> _Dataset entries_:
lemma units_corner_absorb:
  fixes e :: "'m::monoid_mult"
  assumes "e * e = e" and "g \<in> units_corner e"
  shows "e * g * e = g"
  using assms mem_corner_iff unfolding units_corner_def by blast

lemma units_corner_idem_eq:
  fixes u g :: "'m::monoid_mult"
  assumes u: "u * u = u" and g: "g \<in> units_corner u" and gg: "g * g = g"
  shows "g = u"
proof -
  obtain h where gh: "g * h = u" using g unfolding units_corner_def by blast
  have "g * u = g" using corner_absorb[OF u u units_corner_absorb[OF u g]] by simp
  then have "g = g * (g * h)" using gh by simp
  also have "\<dots> = g * h" using gg by (simp add: mult.assoc[symmetric])
  finally show ?thesis using gh by simp
qed

lemma corner_right_inverse_imp_left_inverse:
  fixes e :: "'m::{monoid_mult,finite}"
  assumes e: "e * e = e" and p: "e * p * e = p" and q: "e * q * e = q" and pq: "p * q = e"
  shows "q * p = e"
proof -
  let ?C = "corner e e"
  have absorb: "e * y = y" "y * e = y" if "y \<in> ?C" for y
    using that corner_absorb[OF e e] mem_corner_iff[OF e e] by blast+
  have "q * y \<in> ?C" if "y \<in> ?C" for y
  proof -
    have "e * (q * y) * e = (e * q) * (y * e)" by (simp only: mult.assoc)
    also have "\<dots> = q * y" using absorb[OF that] corner_absorb[OF e e q] by simp
    finally show ?thesis using mem_corner_iff[OF e e] by blast
  qed
  then have "(\<lambda>y. q * y) ` ?C \<subseteq> ?C" by blast
  moreover have "inj_on (\<lambda>y. q * y) ?C"
  proof (rule inj_onI)
    fix y1 y2 assume y: "y1 \<in> ?C" "y2 \<in> ?C" "q * y1 = q * y2"
    then have "p * q * y1 = p * q * y2" by (simp add: mult.assoc)
    then show "y1 = y2" using pq absorb y by simp
  qed
  ultimately have "(\<lambda>y. q * y) ` ?C = ?C"
    by (intro endo_inj_surj) auto
  moreover have "e \<in> ?C" using mem_corner_iff[OF e e] e by simp
  ultimately obtain y where y: "y \<in> ?C" "q * y = e" by force
  have "p = p * q * y" using y corner_absorb[OF e e p] by (simp add: mult.assoc)
  also have "\<dots> = y" using pq absorb y by simp
  finally show ?thesis using y by simp
qed

lemma units_cornerI:
  fixes e :: "'m::{monoid_mult,finite}"
  assumes e: "e * e = e" and x: "e * x * e = x" and J: "e \<in> ideal2 x"
  shows "x \<in> units_corner e"
proof -
  obtain s t where st: "e = s * x * t" using J by (auto simp: ideal2_iff)
  define s' where "s' = e * s * e"
  define t' where "t' = e * t * e"
  have ex: "e * x = x" using corner_absorb[OF e e x] by simp
  have "e = e * e * e" using e by simp
  also have "\<dots> = e * s * (e * x * e) * t * e" using st x by (simp add: mult.assoc)
  also have "\<dots> = s' * (x * t')" unfolding s'_def t'_def by (simp add: mult.assoc)
  finally have right1: "s' * (x * t') = e" by simp
  have s': "e * s' * e = s'" and t': "e * t' * e = t'" and ts': "e * (t' * s') * e = t' * s'"
    unfolding s'_def t'_def by (simp_all add: mult.assoc idem_mult_left[OF e] e)
  have "e * (x * t') * e = (e * x) * e * t * (e * e)" unfolding t'_def by (simp only: mult.assoc)
  then have "e * (x * t') * e = x * t'" unfolding t'_def by (simp add: ex e mult.assoc)
  then have "x * t' * s' = e" using corner_right_inverse_imp_left_inverse[OF e s'] right1 by blast
  then have right2: "x * (t' * s') = e" by (simp add: mult.assoc)
  then have "t' * s' * x = e" using corner_right_inverse_imp_left_inverse[OF e x ts'] by blast
  then show ?thesis
    unfolding units_corner_def using right2 x ts' mem_corner_iff[OF e e] by blast
qed

lemma idem_power_eq: "x * x = (x::'m::monoid_mult) \<Longrightarrow> k \<ge> 1 \<Longrightarrow> x ^ k = x"
proof (induction k)
  case (Suc k) then show ?case by (cases k) auto
qed simp

lemma idempotent_power_exists:
  fixes m :: "'m::{monoid_mult,finite}"
  shows "\<exists>n\<ge>1. m ^ n * m ^ n = m ^ n"
proof -
  have "\<not> inj (\<lambda>k::nat. m ^ k)"
    using finite_imageD[of "\<lambda>k::nat. m ^ k" UNIV] finite_subset[OF subset_UNIV finite_UNIV] by auto
  then obtain a b :: nat where ab: "a < b" "m ^ a = m ^ b"
    unfolding inj_def by (metis linorder_neq_iff)
  define p where "p = b - a"
  have p: "p \<ge> 1" using ab unfolding p_def by simp
  have period: "m ^ (c + q * p) = m ^ c" if "a \<le> c" for c q
  proof (induction q)
    case (Suc q)
    have "c + Suc q * p = (c + q * p - a) + b" using that ab unfolding p_def by simp
    then have "m ^ (c + Suc q * p) = m ^ (c + q * p - a) * m ^ b" by (simp add: power_add)
    also have "\<dots> = m ^ (c + q * p - a) * m ^ a" by (simp only: ab(2))
    also have "\<dots> = m ^ (c + q * p)" using that by (simp flip: power_add)
    finally show ?case using Suc by simp
  qed simp
  define n where "n = (a + 1) * p"
  have "(a + 1) * 1 \<le> n" unfolding n_def using p by (rule mult_le_mono2)
  moreover have "m ^ n * m ^ n = m ^ (n + (a + 1) * p)" unfolding n_def by (simp add: power_add)
  ultimately show ?thesis using period[of n "a + 1"] by (intro exI[of _ n]) auto
qed
(* Let $X$ be a real reflexive Banach space and let $\{F_t\}_{t \in T}$ be a non-empty family of convex existence sets in $X$ directed by reverse inclusion, i.e. for any $t_1, t_2 \in T$ there is $t_3 \in T$ with $F_{t_3} \subset F_{t_1} \cap F_{t_2}$. If $F = \bigcap_{t \in T} F_t \neq \emptyset$, then $F$ is an existence set.
   Context: For a non-empty set $F \subset X$ and $x \in X$, let $R_F(x) = \{ d \in F : \|d-c\| \le \|x-c\| \text{ for all } c \in F\}$. A non-empty set $F \subset X$ is an existence set if $R_F(x) \neq \emptyset$ for every $x \in X$. *)

theory Defs
  imports "HOL-Analysis.Analysis"
begin

text \<open>Reflexivity: the canonical embedding of X into its bidual is surjective,
  i.e. every continuous linear functional on the dual X* is evaluation at some x.\<close>
definition reflexive_space :: "'a::real_normed_vector itself \<Rightarrow> bool" where
  "reflexive_space _ \<longleftrightarrow>
     (\<forall>\<Phi> :: ('a \<Rightarrow>\<^sub>L real) \<Rightarrow>\<^sub>L real. \<exists>x::'a. \<forall>f. blinfun_apply \<Phi> f = blinfun_apply f x)"

definition R_set :: "'a::real_normed_vector set \<Rightarrow> 'a \<Rightarrow> 'a set" where
  "R_set F x = {d \<in> F. \<forall>c\<in>F. norm (d - c) \<le> norm (x - c)}"

definition existence_set :: "'a::real_normed_vector set \<Rightarrow> bool" where
  "existence_set F \<longleftrightarrow> F \<noteq> {} \<and> (\<forall>x. R_set F x \<noteq> {})"

end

> _ABOUT THIS TASK_:
Lines that contain "definition" are the result; find them in the entries above and copy each one.

> _RESULT FOR THIS EXERCISE_:
definition reflexive_space :: "'a::real_normed_vector itself \<Rightarrow> bool" where
definition R_set :: "'a::real_normed_vector set \<Rightarrow> 'a \<Rightarrow> 'a set" where
definition existence_set :: "'a::real_normed_vector set \<Rightarrow> bool" where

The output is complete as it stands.